Jugglery In A Sentence quotes by William Booth
Abolish slavery tomorrow, and not a sentence or syllable of the Constitution need be altered. It was purposely so framed as to give no claim, no sanction to the claim, of property in man. If in its origin slavery had any relation to the government, it was only as the scaffolding to the magnificent structure, to be removed as soon as the building was completed. ~ Frederick Douglass
Jugglery In A Sentence quotes by Frederick Douglass
He has one of the most spacious, thoughtful minds I have ever encountered, with a vast base of knowledge of every sort, but it is a base under continual questioning and scrutiny. (I have seen him suddenly stop in mid-sentence and say, "I no longer believe what I was about to say.") ~ Oliver Sacks
Jugglery In A Sentence quotes by Oliver Sacks
Did you hear about the middle Eastern potentate?" he asked me. "This potentate called a meeting of the wise men in the kingdom, and said, "I want you to gather all the world's knowledge together in one place so that my sons can read it and learn."The wise men went off, and after year, they came back with twenty-five volumes of knowledge. This potentate looked at it and he said, "No. It's too long. Make it shorter." So the wise men went off for another year. When they came back, they gave the potentate a piece of paper with one sentence on it. A single sentence. You know what the sentence was?"
Bob looked at me. I shook my head.
"The sentence was: "This too shall pass."
Bob paused, let it sink in: "I heard that when I was very young and it has always stuck with me. ~ A. J. Jacobs
Jugglery In A Sentence quotes by A. J. Jacobs
Sometimes when you work in advertising you'll get a product that's really garbage and you have to make it seem fantastic, something that is essential to the continued quality of life. ~ Augusten Burroughs
Jugglery In A Sentence quotes by Augusten Burroughs
Being a parent is a life sentence. You see, that's why normal people should not have children. Because, if you raise a kid with only love and support, I guarantee that kid will be in rehab by the time he is sixteen. Why ? Because you never introduced him to mister back-of-your-hand. You know why I only broke into a liquor store once ? 'Cos my father introduced me to mister back-of-his-hand. And it's wiley side-kick.

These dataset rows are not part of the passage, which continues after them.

lemma inner_gram:
  "x \<bullet> (gram Phi D *v x) = (sel_diag D *v (Phi *v x)) \<bullet> (sel_diag D *v (Phi *v x))"
proof -
  have "gram Phi D *v x = transpose Phi *v (sel_diag D *v (Phi *v x))"
    by (simp add: gram_def matrix_vector_mul_assoc matrix_mul_assoc)
  then have "x \<bullet> (gram Phi D *v x) = (Phi *v x) \<bullet> (sel_diag D *v (Phi *v x))"
    by (simp only: inner_transpose_right)
  also have "\<dots> = (sel_diag D *v (Phi *v x)) \<bullet> (sel_diag D *v (Phi *v x))"
    by (simp add: sel_diag_mult_vector inner_vec_def if_distrib[of "\<lambda>x. _ * x"] cong: if_cong)
  finally show ?thesis .
qed

lemma full_rank_sel_diag_mult_inj:
  assumes "rank (sel_diag D ** (Phi::real^'d^'s)) = CARD('d)" and "(sel_diag D ** Phi) *v x = 0"
  shows "x = 0"
  using assms unfolding full_rank_injective by (metis inj_eq matrix_vector_mult_0_right)

lemma full_rank_sel_diag_imp_inj:
  assumes "rank (sel_diag D ** (Phi::real^'d^'s)) = CARD('d)" and "Phi *v x = 0"
  shows "x = 0"
  using full_rank_sel_diag_mult_inj[OF assms(1)] assms(2)
  by (simp add: matrix_vector_mul_assoc[symmetric])

lemma gram_right_inverse:
  assumes rank: "rank (sel_diag D ** (Phi::real^'d^'s)) = CARD('d)"
  shows "gram Phi D ** matrix_inv (gram Phi D) = mat 1"
proof -
  have "x = 0" if "gram Phi D *v x = 0" for x
  proof -
    have "(sel_diag D *v (Phi *v x)) \<bullet> (sel_diag D *v (Phi *v x)) = 0"
      using that inner_gram[of x Phi D] by simp
    then show "x = 0"
      by (intro full_rank_sel_diag_mult_inj[OF rank]) (simp add: matrix_vector_mul_assoc)
  qed
  then have "invertible (gram Phi D)"
    unfolding invertible_left_inverse matrix_left_invertible_ker by blast
  then show ?thesis unfolding matrix_inv_def invertible_def by (rule someI_ex[THEN conjunct1])
qed

definition lsq :: "real^'d^'s \<Rightarrow> 's set \<Rightarrow> real^'s \<Rightarrow> real^'d" where
  "lsq Phi D J = matrix_inv (gram Phi D) *v (transpose Phi *v (sel_diag D *v J))"

lemma gram_lsq:
  "rank (sel_diag D ** Phi) = CARD('d) \<Longrightarrow>
    gram Phi D *v lsq Phi D J = transpose (Phi::real^'d^'s) *v (sel_diag D *v J)"
  unfolding lsq_def
  by (simp only: matrix_vector_mul_assoc[of "gram Phi D"] gram_right_inverse matrix_vector_mul_lid)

Mister foot-in-my-ass. ~ Christopher Titus
Jugglery In A Sentence quotes by Christopher Titus
To a Westerner the anomaly of this - a man under a life sentence for treason working in a prison on the most secret scientific developments - is almost too much to comprehend. In the Soviet Union it was an accepted practice. Korolev was immensely valuable, but because he was so valuable, he was also dangerous. He consented to work because this way, at least, he got some rations, he was with his colleagues, and he was doing what he loved most of all. ~ David Halberstam
Jugglery In A Sentence quotes by David Halberstam
Yet hypotaxis (along with reason) has been declining for a century or more. Gone are those heady and incomprehensible sentences of Johnson, Dickens, and Austen, replaced with the cruel, brutalist parataxes of writers whose aim is to agitate and distress. The long sentence is now a ridiculed rarity, usually hidden away in the Terms and Conditions, its commas and colons, clauses and caveats languishing unread and unloved. ~ Mark Forsyth
Jugglery In A Sentence quotes by Mark Forsyth
And it suggests this truth about the place where aesthetic form meets the human mind. For even if we were to find ourselves homeless, in a strange land, with nothing of ourselves left-say we lost everything-we'd still have another kind of home, in aesthetic form itself, in the familiarity, the unchanging assurance that a known rhythm, a recognised line, the familiar shape of a story, a tune, a line or phrase or sentence gives us every time, even long after we've forgotten we even know it. ~ Ali Smith
Jugglery In A Sentence quotes by Ali Smith
As Gregor Samsa awoke one morning from uneasy dreams he found himself transformed in his bed into a gigantic insect. ~ Franz Kafka
Jugglery In A Sentence quotes by Franz Kafka
Godel showed how a statement about any mathematical formal system (such as the assertion that Principia Mathematica is contradiction-free) can be translated into a mathematical statement inside number theory (the study of whole numbers). In other words, any metamathematical statement can be imported into mathematics, and in its new guise the statement simply asserts (as do all statements of number theory) that certain whole numbers have certain properties or relationships to each other. But on another level, it also has a vastly different meaning that, on its surface, seems as far removed from a statement of number theory as would be a sentence in a Dostoevsky novel. ~ Douglas R. Hofstadter
Jugglery In A Sentence quotes by Douglas R. Hofstadter
So the particular strengths of the colon are beginning to become clear. A colon is nearly always preceded by a complete sentence, and in its simplest usage it rather theatrically announces what is to come. Like a well-trained magician's assistant, it pauses slightly to give you time to get a bit worried, and then efficiently whisks away the cloth and reveals the trick complete. ~ Lynne Truss
Jugglery In A Sentence quotes by Lynne Truss
By the time you finish reading this sentence, a Boeing jetliner will take off or land somewhere in the world. ~ Bret Easton Ellis
Jugglery In A Sentence quotes by Bret Easton Ellis
That doesn't make any sense. Sorry. There's no known way of saying an English sentence in which you begin a sentence with "in" and emphasize it. Get me a jury and show me how you can say
"In July" and I'll go down on you. That's just idiotic, if you'll forgive me for saying so. It's just stupid ... "In July"; I'd love to know how you emphasize "In" in "In July". Impossible!
Meaningless! ~ Orson Welles
Jugglery In A Sentence quotes by Orson Welles
She studies the endless rows of titles on the bookshelf, then whirls toward me. "Okay. Admit it."

"Admit what?"

She points an accusing finger at me. "You're smart."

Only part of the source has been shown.